**Work task:**
The answer must consist only of the lines from the line with "using P_minus_ge[of a]" to the line with "using P_minus_log_concavity_defect_le[OF assms(1)]", both included, exactly as they stand below.

[Collection entries]
== Segment start ==
definition is_functor ::
  "('o, 'a) category \<Rightarrow> ('p, 'b) category \<Rightarrow> ('o \<Rightarrow> 'p) \<Rightarrow> ('a \<Rightarrow> 'b) \<Rightarrow> bool" where
  "is_functor C D Fo Fa \<longleftrightarrow>
     is_category C \<and> is_category D
   \<and> (\<forall>A \<in> Ob C. Fo A \<in> Ob D)
   \<and> (\<forall>A \<in> Ob C. \<forall>B \<in> Ob C. \<forall>f \<in> Hom C A B. Fa f \<in> Hom D (Fo A) (Fo B))
   \<and> (\<forall>A \<in> Ob C. Fa (idt C A) = idt D (Fo A))
   \<and> (\<forall>A \<in> Ob C. \<forall>B \<in> Ob C. \<forall>E \<in> Ob C. \<forall>f \<in> Hom C A B. \<forall>g \<in> Hom C B E.
         Fa (comp C g f) = comp D (Fa g) (Fa f))"

definition is_nat_trans ::
  "('o, 'a) category \<Rightarrow> ('p, 'b) category \<Rightarrow> ('o \<Rightarrow> 'p) \<Rightarrow> ('a \<Rightarrow> 'b)
     \<Rightarrow> ('o \<Rightarrow> 'p) \<Rightarrow> ('a \<Rightarrow> 'b) \<Rightarrow> ('o \<Rightarrow> 'b) \<Rightarrow> bool" where
  "is_nat_trans C D Fo Fa Go Ga tau \<longleftrightarrow>
     is_functor C D Fo Fa \<and> is_functor C D Go Ga
   \<and> (\<forall>A \<in> Ob C. tau A \<in> Hom D (Fo A) (Go A))
   \<and> (\<forall>A \<in> Ob C. \<forall>B \<in> Ob C. \<forall>f \<in> Hom C A B.
         comp D (tau B) (Fa f) = comp D (Ga f) (tau A))"

definition is_adjunction ::
  "('o, 'a) category \<Rightarrow> ('p, 'b) category \<Rightarrow> ('o \<Rightarrow> 'p) \<Rightarrow> ('a \<Rightarrow> 'b)
     \<Rightarrow> ('p \<Rightarrow> 'o) \<Rightarrow> ('b \<Rightarrow> 'a) \<Rightarrow> ('o \<Rightarrow> 'a) \<Rightarrow> ('p \<Rightarrow> 'b) \<Rightarrow> bool" where
  "is_adjunction C D Fo Fa Go Ga eta eps \<longleftrightarrow>
     is_functor C D Fo Fa \<and> is_functor D C Go Ga
   \<and> is_nat_trans C C id id (Go \<circ> Fo) (Ga \<circ> Fa) eta
   \<and> is_nat_trans D D (Fo \<circ> Go) (Fa \<circ> Ga) id id eps
   \<and> (\<forall>A \<in> Ob C. comp D (eps (Fo A)) (Fa (eta A)) = idt D (Fo A))
   \<and> (\<forall>B \<in> Ob D. comp C (Ga (eps B)) (eta (Go B)) = idt C (Go B))"

definition naturally_full ::
  "('o, 'a) category \<Rightarrow> ('p, 'b) category \<Rightarrow> ('o \<Rightarrow> 'p) \<Rightarrow> ('a \<Rightarrow> 'b) \<Rightarrow> bool" where
  "naturally_full C D Fo Fa \<longleftrightarrow>
     (\<exists>P :: 'o \<Rightarrow> 'o \<Rightarrow> 'b \<Rightarrow> 'a.
        (\<forall>X \<in> Ob C. \<forall>Y \<in> Ob C. \<forall>u \<in> Hom D (Fo X) (Fo Y). P X Y u \<in> Hom C X Y)
      \<and> (\<forall>X \<in> Ob C. \<forall>Y \<in> Ob C. \<forall>Z \<in> Ob C. \<forall>T \<in> Ob C.
           \<forall>f \<in> Hom C X Y. \<forall>g \<in> Hom D (Fo Y) (Fo Z). \<forall>h \<in> Hom C Z T.
             P X T (comp D (Fa h) (comp D g (Fa f))) = comp C h (comp C (P Y Z g) f))
      \<and> (\<forall>X \<in> Ob C. \<forall>Y \<in> Ob C. \<forall>u \<in> Hom D (Fo X) (Fo Y). Fa (P X Y u) = u))"
lemma f_fun_eq:
  assumes "2 \<le> n"
  defines "a \<equiv> real n - 1"
  shows "f_fun n = exp (mu a - 2 * mu (a + 1) + mu (a + 2)) * (1 + 1 / (a * (a + 2)))
    * (P_minus a * P_minus (a + 2) / P_plus (a + 1) ^ 2)"
proof -
  have a: "1 \<le> a" "real n = a + 1" "a + 1 - 1 = a" "a + 1 + 1 = a + 2"
    using assms by (simp_all add: a_def)
  let ?x = "mu a" and ?y = "mu (a + 1)" and ?z = "mu (a + 2)"
  have "f_fun n = exp (?x - 2 * ?y + ?z)
      * (?y ^ 14 * (?x ^ 5 - ?x ^ 4 - 1) * (?z ^ 5 - ?z ^ 4 - 1) / (?x ^ 7 * ?z ^ 7 * (?y ^ 5 - ?y ^ 4 + 1) ^ 2))"
    by (simp only: f_fun_def Let_def a(2-4) times_divide_eq_right)
  also have "\<dots> = exp (?x - 2 * ?y + ?z)
      * (?y ^ 4 / (?x ^ 2 * ?z ^ 2) * (P_minus a * P_minus (a + 2) / P_plus (a + 1) ^ 2))"
    using quotient_normal_form[of ?x ?y ?z 1] quintic_ne_zero[of ?y 1]
      mu_ge_3[of a] mu_ge_3[of "a + 1"] mu_ge_3[of "a + 2"] a(1)
    by (simp add: P_minus_def P_plus_def)
  finally show ?thesis
    using mu_power_quotient[of a] a(1) by simp
qed

lemma g_fun_eq:
  assumes "2 \<le> n"
  defines "a \<equiv> real n - 1"
  shows "g_fun n = exp (mu a - 2 * mu (a + 1) + mu (a + 2)) * (1 + 1 / (a * (a + 2)))
    * (P_plus a * P_plus (a + 2) / P_minus (a + 1) ^ 2)"
proof -
  have a: "1 \<le> a" "real n = a + 1" "a + 1 - 1 = a" "a + 1 + 1 = a + 2"
    using assms by (simp_all add: a_def)
  let ?x = "mu a" and ?y = "mu (a + 1)" and ?z = "mu (a + 2)"
  have "g_fun n = exp (?x - 2 * ?y + ?z)
      * (?y ^ 14 * (?x ^ 5 - ?x ^ 4 + 1) * (?z ^ 5 - ?z ^ 4 + 1) / (?x ^ 7 * ?z ^ 7 * (?y ^ 5 - ?y ^ 4 - 1) ^ 2))"
    by (simp only: g_fun_def Let_def a(2-4) times_divide_eq_right)
  also have "\<dots> = exp (?x - 2 * ?y + ?z)
      * (?y ^ 4 / (?x ^ 2 * ?z ^ 2) * (P_plus a * P_plus (a + 2) / P_minus (a + 1) ^ 2))"
    using quotient_normal_form[of ?x ?y ?z "- 1"] quintic_ne_zero[of ?y "- 1"]
      mu_ge_3[of a] mu_ge_3[of "a + 1"] mu_ge_3[of "a + 2"] a(1)
    by (simp add: P_minus_def P_plus_def)
  finally show ?thesis
    using mu_power_quotient[of a] a(1) by simp
qed

lemma exp_mult_power_le:
  fixes u :: real
  assumes "0 \<le> u" "u \<le> 1 / 1024"
  shows "exp (487 * u) * (1 + 3 * u) ^ 4 \<le> 1 + 742 * u"
proof -
  have "exp (487 * u) \<le> 1 + 487 * u + (487 * u) ^ 2"
    using assms by (intro exp_bound) auto
  also have "(487 * u) ^ 2 \<le> 232 * u"
    using assms mult_right_mono[of u "1 / 1024" u] by (simp add: power2_eq_square)
  finally have e: "exp (487 * u) \<le> 1 + 719 * u" by simp
  have "(1 + 3 * u) ^ 4 = 1 + 12 * u + (54 + 108 * u + 81 * u ^ 2) * u ^ 2"
    by (simp add: algebra_simps eval_nat_numeral)
  also have "\<dots> \<le> 1 + 12 * u + 55 * u ^ 2"
    using assms mult_right_mono[of u "1 / 1024" u] by (intro add_left_mono mult_right_mono)
      (auto simp: power2_eq_square)
  also have "\<dots> \<le> 1 + 13 * u"
    using assms mult_right_mono[of u "1 / 1024" u] by (simp add: power2_eq_square)
  finally have q: "(1 + 3 * u) ^ 4 \<le> 1 + 13 * u" .
  have "exp (487 * u) * (1 + 3 * u) ^ 4 \<le> (1 + 719 * u) * (1 + 13 * u)"
    using e q assms by (intro mult_mono) auto
  also have "\<dots> \<le> 1 + 742 * u"
    using assms mult_right_mono[of u "1 / 1024" u] by (simp add: algebra_simps)
  finally show ?thesis .
qed

lemma P_quotient_le:
  assumes "2 \<le> a"
  defines "u \<equiv> (1 / mu a) ^ 5"
  shows "P_plus (a + 1) * P_plus (a + 3) / P_minus (a + 2) ^ 2
    \<le> P_minus a * P_minus (a + 2) / P_plus (a + 1) ^ 2 * (exp (125 * u) * (1 + 3 * u) ^ 4)"
proof -
  define q where "q = 1 + 3 * u"
  have pos: "0 < P_minus a" "0 < P_minus (a + 1)" "0 < P_minus (a + 2)" "0 < P_minus (a + 3)"
    using P_minus_ge[of a] P_minus_ge[of "a + 1"] P_minus_ge[of "a + 2"] P_minus_ge[of "a + 3"] assms
    by auto
  have "0 \<le> q"
    using mu_pos[of a] assms by (simp add: q_def u_def)
  have N: "P_minus (a + 1) \<le> P_plus (a + 1)" "P_plus (a + 1) \<le> q * P_minus (a + 1)"
    "P_plus (a + 3) \<le> q * P_minus (a + 3)"
    using P_minus_le_P_plus[of "a + 1"] P_plus_le[of a "a + 1"] P_plus_le[of a "a + 3"] assms
    by (simp_all add: q_def u_def)
  have "P_minus (a + 1) ^ 2
      \<le> P_minus a * P_minus (a + 2) * exp ((dP_minus a / P_minus a) ^ 2 - d2P_minus a / P_minus a)"
    using P_minus_log_concave(2)[of a] assms by simp
  also have "\<dots> \<le> P_minus a * P_minus (a + 2) * exp (125 * u)"
    using P_minus_log_concavity_defect_le[OF assms(1)] P_minus_ge[of a] P_minus_ge[of "a + 2"] assms
    by (intro mult_left_mono) (auto simp: u_def)
  finally have concave_a: "P_minus (a + 1) ^ 2 \<le> P_minus a * P_minus (a + 2) * exp (125 * u)" .
  have concave_a1: "P_minus (a + 1) * P_minus (a + 3) \<le> P_minus (a + 2) ^ 2"
    using P_minus_log_concave(1)[of "a + 1"] assms by (simp add: add.assoc)
  have "P_plus (a + 1) ^ 3 * P_plus (a + 3) \<le> (q * P_minus (a + 1)) ^ 3 * (q * P_minus (a + 3))"
    using N pos P_plus_bounds[of "a + 3"] assms by (intro mult_mono power_mono) auto
  also have "\<dots> = q ^ 4 * P_minus (a + 1) ^ 2 * (P_minus (a + 1) * P_minus (a + 3))"
    by (simp add: algebra_simps eval_nat_numeral)
  also have "\<dots> \<le> q ^ 4 * (P_minus a * P_minus (a + 2) * exp (125 * u)) * P_minus (a + 2) ^ 2"
    using concave_a concave_a1 pos \<open>0 \<le> q\<close> by (intro mult_mono mult_left_mono) auto
  finally have "P_plus (a + 1) ^ 3 * P_plus (a + 3)
      \<le> q ^ 4 * (P_minus a * P_minus (a + 2) * exp (125 * u)) * P_minus (a + 2) ^ 2" .
  then show ?thesis
    using N pos by (simp add: q_def field_simps eval_nat_numeral)
qed
(* Let $I$ be a non-empty descent set with $s=s(I)$ and Naruse-Newton coefficients $(C_0,\ldots,C_s)$. Then $\frac{C_0}{0!}=\frac{C_1}{1!}=\cdots=\frac{C_s}{s!}$ if and only if $I$ is a shallow descent set.
   Context: Partitions are drawn as Young diagrams $\mathbb{D}(\lambda)$ in English notation; $c_{i,j}$ is the cell in row $i$, column $j$; $\lambda'$ is the conjugate partition ($\lambda'_j$ = number of cells in column $j$). The hook length $h_\lambda(c)$ is the number of cells of $\mathbb{D}(\lambda)$ weakly right of $c$ in its row or weakly below $c$ in its column (counting $c$ once). For $\mu\subseteq\lambda$, an excited diagram of $\lambda/\mu$ is a subset of $\mathbb{D}(\lambda)$ obtained from $\mathbb{D}(\mu)$ by repeatedly replacing a cell $c_{i,j}\in D$ by $c_{i+1,j+1}$, allowed iff $c_{i+1,j+1}\in\mathbb{D}(\lambda)$ and none of $c_{i,j+1},c_{i+1,j},c_{i+1,j+1}$ lies in $D$; $\mathbb{E}(\lambda/\mu)$ is their set. A ribbon with $n$ cells is read from its lower-left to its upper-right cell, each successive cell directly right of or directly above the previous; it corresponds to the set of $i\in\{1,\ldots,n-1\}$ with cell $i$ directly below cell $i+1$. A descent set is a non-empty finite set $I$ of positive integers; $\lambda^I$ is the unique partition with $\lambda^I_1=\lambda^I_2$ such that the cells $c_{i,j}\in\mathbb{D}(\lambda^I)$ with fewer than three of $c_{i,j+1},c_{i+1,j},c_{i+1,j+1}$ in $\mathbb{D}(\lambda^I)$ form a ribbon corresponding to $I$; this ribbon is $\mathbb{D}(\lambda^I)\setminus\mathbb{D}(\mu^I)$ for a partition $\mu^I$. Let $s(I)=\lambda^I_1-1$. Naruse-Newton coefficients: every excited diagram of $\lambda^I/\mu^I$ meets row 1 in $\{c_{1,1},\ldots,c_{1,r}\}$, $0\le r\le s$; for $0\le j\le s(I)$, $C_j(I)=\sum_D\prod_{c\in D,\,c\notin\text{row }1}h_{\lambda^I}(c)$, summed over $D\in\mathbb{E}(\lambda^I/\mu^I)$ with exactly $s-j$ cells in row 1. $w(I)$ is the number of integers $j$ with $1\le j\le s(I)+1$ and $(\lambda^I)'_j=2$. $I$ is deep if $w(I)<s(I)$ and shallow otherwise. *)

theory Defs
  imports Complex_Main
begin

text \<open>Cells are pairs (row, column), 1-indexed, English notation (rows grow downward).
  A partition is a weakly decreasing list of positive naturals.\<close>

type_synonym cell = "nat \<times> nat"

definition is_partition :: "nat list \<Rightarrow> bool" where
  "is_partition lam \<longleftrightarrow> sorted_wrt (\<ge>) lam \<and> 0 \<notin> set lam"

definition part :: "nat list \<Rightarrow> nat \<Rightarrow> nat" where
  "part lam i = (if 1 \<le> i \<and> i \<le> length lam then lam ! (i - 1) else 0)"

definition young :: "nat list \<Rightarrow> cell set" where
  "young lam = {(i, j). 1 \<le> i \<and> i \<le> length lam \<and> 1 \<le> j \<and> j \<le> lam ! (i - 1)}"

definition conj_part :: "nat list \<Rightarrow> nat \<Rightarrow> nat" where
  "conj_part lam j = card {i. (i, j) \<in> young lam}"

definition hook :: "nat list \<Rightarrow> cell \<Rightarrow> nat" where
  "hook lam c = card {j'. (fst c, j') \<in> young lam \<and> snd c \<le> j'}
              + card {i'. (i', snd c) \<in> young lam \<and> fst c < i'}"

inductive_set excited :: "nat list \<Rightarrow> nat list \<Rightarrow> cell set set" for lam mu where
  base: "young mu \<in> excited lam mu"
| step: "D \<in> excited lam mu \<Longrightarrow> (i, j) \<in> D \<Longrightarrow> (i + 1, j + 1) \<in> young lam \<Longrightarrow>
         (i, j + 1) \<notin> D \<Longrightarrow> (i + 1, j) \<notin> D \<Longrightarrow> (i + 1, j + 1) \<notin> D \<Longrightarrow>
         insert (i + 1, j + 1) (D - {(i, j)}) \<in> excited lam mu"
section \<open>Strong convexity\<close>

lemma abil_diff_scaleR: "abil x (v - l *\<^sub>R y) (v - l *\<^sub>R y) = abil x v v - 2 * l * abil x y v + l^2 * abil x y y"
  by (simp add: abil_def inner_diff inner_commute power2_eq_square algebra_simps)

lemma dFy_self: "y \<noteq> 0 \<Longrightarrow> dFy x y y = Fex x y"
proof -
  assume y: "y \<noteq> 0"
  have "abil x y y / alpha x y = alpha x y" using alpha_squared[of x y] alpha_pos[OF y, of x]
    by (simp add: alpha_sq_def power2_eq_square field_simps)
  then show ?thesis by (simp add: dFy_def Fex_alpha_beta xdot_def)
qed

lemma dFy_scale: "dFy x y (l *\<^sub>R v) = l * dFy x y v"
  by (simp add: dFy_def abil_def algebra_simps add_divide_distrib)

lemma ddF2y_pos:
  assumes y: "y \<noteq> 0" and v: "v \<noteq> 0"
  shows "ddF2y v v x y > 0"
proof -
  define l where "l = abil x y v / alpha_sq x y"
  define \<eta> where "\<eta> = v - l *\<^sub>R y"
  have A: "alpha_sq x y > 0" using alpha_sq_pos[OF y] .
  have ap: "alpha x y > 0" using alpha_pos[OF y] .
  have sq: "(alpha x y)^2 = alpha_sq x y" using alpha_squared .
  have F: "Fex x y > 0" using Fex_pos[OF y] .
  have eta: "abil x \<eta> \<eta> = abil x v v - (abil x y v)^2 / alpha_sq x y"
    unfolding \<eta>_def abil_diff_scaleR l_def using A by (simp add: alpha_sq_def power2_eq_square field_simps)
  have key: "abil x v v / alpha x y - abil x y v * abil x v y / (alpha x y)^3 = abil x \<eta> \<eta> / alpha x y"
    unfolding eta using ap sq by (simp add: abil_sym power2_eq_square power3_eq_cube field_simps)
  have D: "ddF2y v v x y = 2 * (dFy x y v)^2 + 2 * Fex x y * (abil x \<eta> \<eta> / alpha x y)"
    unfolding ddF2y_def key[symmetric] by (simp add: power2_eq_square abil_sym)
  show ?thesis
  proof (cases "\<eta> = 0")
    case False
    have "abil x \<eta> \<eta> > 0" using abil_diag_pos[OF False] .
    then have "2 * Fex x y * (abil x \<eta> \<eta> / alpha x y) > 0" using F ap by simp
    then show ?thesis unfolding D by (smt (verit) zero_le_power2)
  next
    case True
    then have vl: "v = l *\<^sub>R y" unfolding \<eta>_def by simp
    then have "l \<noteq> 0" using v by auto
    then have "dFy x y v \<noteq> 0" using F by (simp add: vl dFy_scale dFy_self[OF y])
    then have "(dFy x y v)^2 > 0" by simp
    moreover have "abil x \<eta> \<eta> = 0" using True by (simp add: abil_def)
    ultimately show ?thesis unfolding D by simp
  qed
qed

lemma fund_tensor_quadratic_form:
  assumes y: "y \<noteq> 0"
  shows "(\<Sum>A\<in>UNIV. \<Sum>B\<in>UNIV. fund_tensor Fex x y A B * \<xi> A * \<xi> B) = ddF2y (pt_of \<xi>) (pt_of \<xi>) x y / 2"
proof -
  have "(\<Sum>A\<in>UNIV. \<Sum>B\<in>UNIV. fund_tensor Fex x y A B * \<xi> A * \<xi> B)
      = (\<Sum>A\<in>UNIV. \<xi> A / 2 * (\<Sum>B\<in>UNIV. ddF2y (cbasis B) (cbasis A) x y * coord (pt_of \<xi>) B))"
    by (simp add: fund_tensor_Fex[OF y] sum_distrib_left algebra_simps)
  also have "\<dots> = (\<Sum>A\<in>UNIV. ddF2y (pt_of \<xi>) (cbasis A) x y * coord (pt_of \<xi>) A) / 2"
  proof -
    have i: "\<And>A. (\<Sum>B\<in>UNIV. ddF2y (cbasis B) (cbasis A) x y * coord (pt_of \<xi>) B) = ddF2y (pt_of \<xi>) (cbasis A) x y"
      by (rule linear_sum_coord[OF linear_ddF2y_left])
    show ?thesis unfolding i by (simp add: sum_divide_distrib mult.commute)
  qed
  also have "\<dots> = ddF2y (pt_of \<xi>) (pt_of \<xi>) x y / 2"
    using linear_sum_coord[OF linear_ddF2y_right, of "pt_of \<xi>" x y "pt_of \<xi>"] by simp
  finally show ?thesis .
qed

lemma fund_tensor_pos_definite:
  assumes "y \<noteq> 0" "\<xi> \<noteq> (\<lambda>_. 0)"
  shows "(\<Sum>A\<in>UNIV. \<Sum>B\<in>UNIV. fund_tensor Fex x y A B * \<xi> A * \<xi> B) > 0"
  unfolding fund_tensor_quadratic_form[OF assms(1)] using ddF2y_pos[OF assms(1) assms(2)[folded pt_of_eq_0_iff]] by simp

section \<open>The geodesic spray\<close>

text \<open>The ansatz \<open>G = \<Gamma> + P y\<close> with \<open>P = N/(2F)\<close>: \<open>spray_quad\<close> is \<open>\<Gamma>\<close>,
  \<open>spray_num\<close> is \<open>N\<close>.\<close>

definition spray_quad :: "'n::finite pt \<Rightarrow> 'n pt \<Rightarrow> 'n pt" where
  "spray_quad x y = ((fst y)^2 / 4,
     (1 / rsq x) *\<^sub>R (xdot x y *\<^sub>R snd y - (rsq x * ysq y - (xdot x y)^2) *\<^sub>R snd x))"

definition spray_num :: "'n::finite pt \<Rightarrow> 'n pt \<Rightarrow> real" where
  "spray_num x y = ysq y / rsq x - 2 * (xdot x y)^2 / (rsq x)^2
     - 2 * ((xdot x y)^2 - (rsq x * ysq y - (xdot x y)^2) * (rsq x - 1)) / (rsq x)^2"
== Segment end ==
**Finished exercise:**
    using P_minus_ge[of a] P_minus_ge[of "a + 1"] P_minus_ge[of "a + 2"] P_minus_ge[of "a + 3"] assms
    by auto
  have "0 \<le> q"
    using mu_pos[of a] assms by (simp add: q_def u_def)
  have N: "P_minus (a + 1) \<le> P_plus (a + 1)" "P_plus (a + 1) \<le> q * P_minus (a + 1)"
    "P_plus (a + 3) \<le> q * P_minus (a + 3)"
    using P_minus_le_P_plus[of "a + 1"] P_plus_le[of a "a + 1"] P_plus_le[of a "a + 3"] assms
    by (simp_all add: q_def u_def)
  have "P_minus (a + 1) ^ 2
      \<le> P_minus a * P_minus (a + 2) * exp ((dP_minus a / P_minus a) ^ 2 - d2P_minus a / P_minus a)"
    using P_minus_log_concave(2)[of a] assms by simp
  also have "\<dots> \<le> P_minus a * P_minus (a + 2) * exp (125 * u)"
    using P_minus_log_concavity_defect_le[OF assms(1)] P_minus_ge[of a] P_minus_ge[of "a + 2"] assms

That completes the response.